Vector Similarity-4. Levenshtein distance

Naranjito 2021. 2. 25. 17:53
  • Levenshtein distance

 

- One of edit distance based algorithms which is falling under this category try to compute the number of operations needed to transforms one string to another. More the number of operations, less is the similarity between the two strings. One point to note, in this case, every index character of the string is given equal importance.

- A number that tells you how different two strings are. The higher the number, the more different the two strings are.

- And 'edit' is defined by either an insertion of a character, a deletion of a character, or a replacement of a character.

- It measures the minimum number of edits that you need to do to change a one-word sequence into the other.

Reference : medium.com/@ethannam/understanding-the-levenshtein-distance-equation-for-beginners-c4285a5604f0

 

What?

 

  • User-defined function
import numpy as np
def levenshtein_ratio_and_distance(s,t,ratio_calc=False):
  rows=len(s)+1
  cols=len(t)+1
  distance=np.zeros((rows,cols), dtype=int)

  for i in range(1,rows):
    for k in range(1,cols):
      distance[i][0]=i
      distance[0][k]=k

  for col in range(1, cols):
    for row in range(1, rows):
      if s[row-1]==t[col-1]:
        cost=0
      else:
        if ratio_calc==True:
          cost=2
        else:
          cost=1
      distance[row][col]=min(distance[row-1][col]+1,
                           distance[row][col-1]+1,
                           distance[row-1][col-1]+cost)
    
  if ratio_calc==True:
    Ratio=((len(s)+len(t))-distance[row][col])/(len(s)+len(t))
    return Ratio
  else:
    return 'The strings are {} edits away'.format(distance[row][col])    
s1='Apple.'
s2='apple'
Distance=levenshtein_ratio_and_distance(s1,s2)
print(Distance)

Ratio=levenshtein_ratio_and_distance(s1,s2,ratio_calc=True)
Ratio

>>>The strings are 2 edits away
>>>0.7272727272727273

s1='Apple.'
s2='apple'
Distance=levenshtein_ratio_and_distance(s1.lower(),s2.lower())
print(Distance)

Ratio=levenshtein_ratio_and_distance(s1.lower(),s2.lower(),ratio_calc=True)
Ratio

>>>The strings are 1 edits away
>>>0.9090909090909091

The first function found the 2 differences between the two strings.  These were the upper/lower case and full stop at the end of the first string as well as a similarity ratio of 72%, which is pretty high.

 

The second function that the distance has been reduced by 1 simply by turning the strings to lower case before comparing and the similarity ratio to 90%. 

 

  • Python Levenshtein package
!pip install Levenshtein
import Levenshtein as lev

s1='APPLE.'
s2='apple'
Distance=lev.distance(s1.lower(),s2.lower())
print(Distance)
Ratio=lev.ratio(s1.lower(),s2.lower())
print(Ratio)

>>>1
>>>0.9090909090909091

In the user-defined function above, when the similarity ratio is calculated, the cost of a substitution is 2 instead of 1. That is because lev.ratio() assigns such a cost for a substitution.

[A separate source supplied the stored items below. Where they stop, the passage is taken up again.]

theorem proposition4p31:
  fixes R :: "'a hyperring" and H :: "'b hyperring"
  assumes "hyperdomain R" and "hyperdomain H"
  shows "\<exists>\<Phi>. bij_betw \<Phi> (hyperring_homs R H) (lhs_morphisms H R) \<and>
           (\<forall>\<phi>\<in>hyperring_homs R H. fst (\<Phi> \<phi>) = spec_map R H \<phi> \<and> global_hom R H (\<Phi> \<phi>) = \<phi>)"
proof -
  interpret hdomain_pair R H by unfold_locales (use assms in auto)
  define \<Phi> where "\<Phi> = (\<lambda>\<phi>. (spec_map R H \<phi>, induced_sheaf_map R H \<phi>))"
  have forward: "\<Phi> \<phi> \<in> lhs_morphisms H R \<and> global_hom R H (\<Phi> \<phi>) = \<phi>" if "\<phi> \<in> hyperring_homs R H" for \<phi>
  proof -
    interpret hdomain_hom R H \<phi> using that unfolding hyperring_homs_def by unfold_locales blast
    show ?thesis
      unfolding \<Phi>_def using induced_morphism global_hom_induced that unfolding hyperring_homs_def by simp
  qed
  have backward: "global_hom R H m \<in> hyperring_homs R H \<and> \<Phi> (global_hom R H m) = m"
    if "m \<in> lhs_morphisms H R" for m
  proof -
    obtain f fs where m: "m = (f, fs)" by fastforce
    interpret hdomain_morphism R H f fs using that m by unfold_locales simp
    show ?thesis unfolding \<Phi>_def m using psi_hom map_eq_spec_map fs_eq_induced by simp
  qed
  have "bij_betw \<Phi> (hyperring_homs R H) (lhs_morphisms H R)"
    by (rule bij_betw_byWitness[where f' = "global_hom R H"]) (use forward backward in auto)
  thus ?thesis using forward unfolding \<Phi>_def by auto
qed

end
(* Let $\lambda, R, B>0$ and $d,n\geq 1$. Let $(x_1,y_1),\dots,(x_n,y_n)$ be an arbitrary sequence with $x_t\in\mathbb R^d$, $\|x_t\|\le R$ and $y_t\in\{-1,1\}$. Then the AIOLI forecaster run with regularization parameter $\lambda$ (defined in the context) satisfies, for every $\theta\in\mathbb R^d$ with $\|\theta\|\le B$, \[ R_n(\theta)\le \lambda\|\theta\|^2 + d(1+BR)\log\left(1+\frac{nR^2}{8d(1+BR)\lambda}\right). \] In particular, with $\lambda = 1/B^2$, for every $\theta$ with $\|\theta\|\le B$, \[ R_n(\theta)\le d(1+BR)\log\left(1+\frac{nB^2R^2}{8d(1+BR)}\right)+1 . \]
   Context: Online logistic regression: the logistic loss is $\ell(z,y)=\log(1+e^{-yz})$ for $z\in\mathbb R$, $y\in\{-1,1\}$, and $\ell_t(\theta)=\ell(\theta^\top x_t,y_t)$ for $\theta\in\mathbb R^d$. AIOLI with parameters $\lambda,R,B$ produces vectors $\hat\theta_1,\dots,\hat\theta_n\in\mathbb R^d$ recursively: at round $t$, having $\hat\theta_1,\dots,\hat\theta_{t-1}$, for each $s<t$ set $g_s=\nabla\ell_s(\hat\theta_s)$, $\eta_s = e^{y_s\hat\theta_s^\top x_s}/(1+BR)$, and the quadratic surrogate \[\hat\ell_s(\theta)=\ell_s(\hat\theta_s)+g_s^\top(\theta-\hat\theta_s)+\frac{\eta_s}{2}(\theta-\hat\theta_s)^\top g_sg_s^\top(\theta-\hat\theta_s).\] Then, after observing $x_t$ (but before $y_t$), \[\hat\theta_t=\arg\min_{\theta\in\mathbb R^d}\Big\{\sum_{s=1}^{t-1}\hat\ell_s(\theta)+\ell(\theta^\top x_t,1)+\ell(\theta^\top x_t,-1)+\lambda\|\theta\|^2\Big\},\] and the prediction is $\hat y_t=\hat\theta_t^\top x_t$; then $y_t$ is revealed. The regret against $\theta\in\mathbb R^d$ is $R_n(\theta)=\sum_{t=1}^n\ell_t(\hat\theta_t)-\sum_{t=1}^n\ell_t(\theta)$. *)

theory Defs
  imports "HOL-Analysis.Analysis"
begin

Reference : www.datacamp.com/community/tutorials/fuzzy-string-python

 

import textdistance

textdistance.levenshtein('apple', 'APPLE.')
>>>6

textdistance.levenshtein.normalized_similarity('text', 'test')
>>>0.75

The two strings vary all the positions, hence the edit distance is 6. It distinguishes a capital letter and a small letter.

One thing to note is the normalized similarity, this is a function to bound the edit distance between 0 and 1. This signifies, a score of 1 is for a perfect match. So the strings are 75% similar.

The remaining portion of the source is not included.